Generative AI, like all AI, relies on pattern recognition but is a step up from earlier forms of AI by its use of “large language models” to scan enormous bodies of data for whole phrases and concepts rather than just single words. Examples of generative AI include Open AI’s ChatGPT series and Google’s Bard.
The true uniqueness of generative AI and the reason that it is described as “generative” is because it has the ability to create text, images and other content from the data on which it has been trained, which in practice includes much of the internet.
However this data is uncurated, meaning that outdated, biased and untrue information is often included in the data being analysed by the generative AI algorithms.
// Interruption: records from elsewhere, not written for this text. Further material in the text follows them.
definition conseq :: "fm set \<Rightarrow> fm \<Rightarrow> bool" where
  "conseq T p \<longleftrightarrow> (\<forall>M. is_struc M \<longrightarrow> (\<forall>q\<in>T. valid_in M q) \<longrightarrow> valid_in M p)"

definition is_theory :: "lang \<Rightarrow> fm set \<Rightarrow> bool" where
  "is_theory L T \<longleftrightarrow> (\<forall>p\<in>T. sentence p \<and> in_lang L p) \<and>
     (\<forall>p. sentence p \<and> in_lang L p \<and> conseq T p \<longrightarrow> p \<in> T)"

definition Zero :: trm where "Zero = Fn 0 []"
definition Sc :: "trm \<Rightarrow> trm" where "Sc t = Fn 1 [t]"
definition Pl :: "trm \<Rightarrow> trm \<Rightarrow> trm" where "Pl s t = Fn 2 [s, t]"
definition Tm :: "trm \<Rightarrow> trm \<Rightarrow> trm" where "Tm s t = Fn 3 [s, t]"

definition Q_axioms :: "fm set" where
  "Q_axioms = {
     All (Neg (Eq (Sc (Var 0)) Zero)),
     All (All (Imp (Eq (Sc (Var 1)) (Sc (Var 0))) (Eq (Var 1) (Var 0)))),
     All (Or (Eq (Var 0) Zero) (Ex (Eq (Sc (Var 0)) (Var 1)))),
     All (Eq (Pl (Var 0) Zero) (Var 0)),
     All (All (Eq (Pl (Var 1) (Sc (Var 0))) (Sc (Pl (Var 1) (Var 0))))),
     All (Eq (Tm (Var 0) Zero) Zero),
     All (All (Eq (Tm (Var 1) (Sc (Var 0))) (Pl (Var 1) (Tm (Var 1) (Var 0)))))}"

definition extends_Q :: "lang \<Rightarrow> fm set \<Rightarrow> bool" where
  "extends_Q L T \<longleftrightarrow> is_theory L T \<and> Q_axioms \<subseteq> T"

fun num :: "nat \<Rightarrow> trm" where
  "num 0 = Zero"
| "num (Suc n) = Sc (num n)"

text \<open>In a formula with free variables among 0..k, variable i (i<k) is x_(i+1) and variable k
is y.  inst xs t p substitutes the numerals of xs for the x's and the term t for y.\<close>
definition inst :: "nat list \<Rightarrow> trm \<Rightarrow> fm \<Rightarrow> fm" where
  "inst xs t p = subst (\<lambda>i. if i < length xs then num (xs ! i)
                             else if i = length xs then t else Var 0) p"

text \<open>The sentence (\<exists>!y'. <f>(xs,y')) \<and> <f>(xs, y), with
 \<exists>!y. P(y) := \<exists>y. P(y) \<and> (\<forall>z. P(z) \<longrightarrow> z = y).\<close>
definition repr_sentence :: "fm \<Rightarrow> nat list \<Rightarrow> nat \<Rightarrow> fm" where
  "repr_sentence p xs y =
     And (Ex (And (inst xs (Var 0) p)
                  (All (Imp (inst xs (Var 0) p) (Eq (Var 0) (Var 1))))))
         (inst xs (num y) p)"

definition represents :: "lang \<Rightarrow> fm set \<Rightarrow> nat \<Rightarrow> (nat list \<Rightarrow> nat option) \<Rightarrow> bool" where
  "represents L T k f \<longleftrightarrow> (\<exists>p. in_lang L p \<and> fv p \<subseteq> {..k} \<and>
     (\<forall>xs y. length xs = k \<and> f xs = Some y \<longrightarrow> repr_sentence p xs y \<in> T))"

text \<open>k-ary partial functions are functions nat list \<Rightarrow> nat option, only their values on lists
of length k matter.  orec m g k f: f is k-ary partial recursive relative to the m-ary partial
function g (Turing-reducibility in the form of relative partial recursiveness; Kleene: closure of zero, successor, projections and g under composition, primitive
recursion and unbounded minimisation).\<close>

fun prec :: "(nat list \<Rightarrow> nat option) \<Rightarrow> (nat list \<Rightarrow> nat option) \<Rightarrow> nat \<Rightarrow> nat list \<Rightarrow> nat option" where
  "prec b s 0 xs = b xs"
| "prec b s (Suc n) xs = (case prec b s n xs of None \<Rightarrow> None | Some r \<Rightarrow> s (n # r # xs))"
It remains to be seen whether, as some think, generative AI will increase and democratise human creativity and innovation. The benefits of other technologies in improving industrial productivity in the recent past although significant, have been hard to measure compared with investment in human and physical capital, and some in the commercial world have serious doubts about the practical usefulness of generative AI technology to them.
Further, we know that technological advances often end up, for good or ill, being used for purposes other than those for which they were conceived. Indeed the internet itself, a prime example of repurposing, is a long way from its original development as a method of creating a secure distributed network of military computers.
If one adds to these uncertainties the rapid rate of development of generative AI, the “black box” uncertainties of how it reaches its conclusions as well as differences amongst its developers about how stringently the technology should be controlled (reflected in recent organisational chaos in the OpenAI company which developed the ChatGPT series of generative AIs) then the future usefulness and uses of generative AI become hard to predict with any accuracy.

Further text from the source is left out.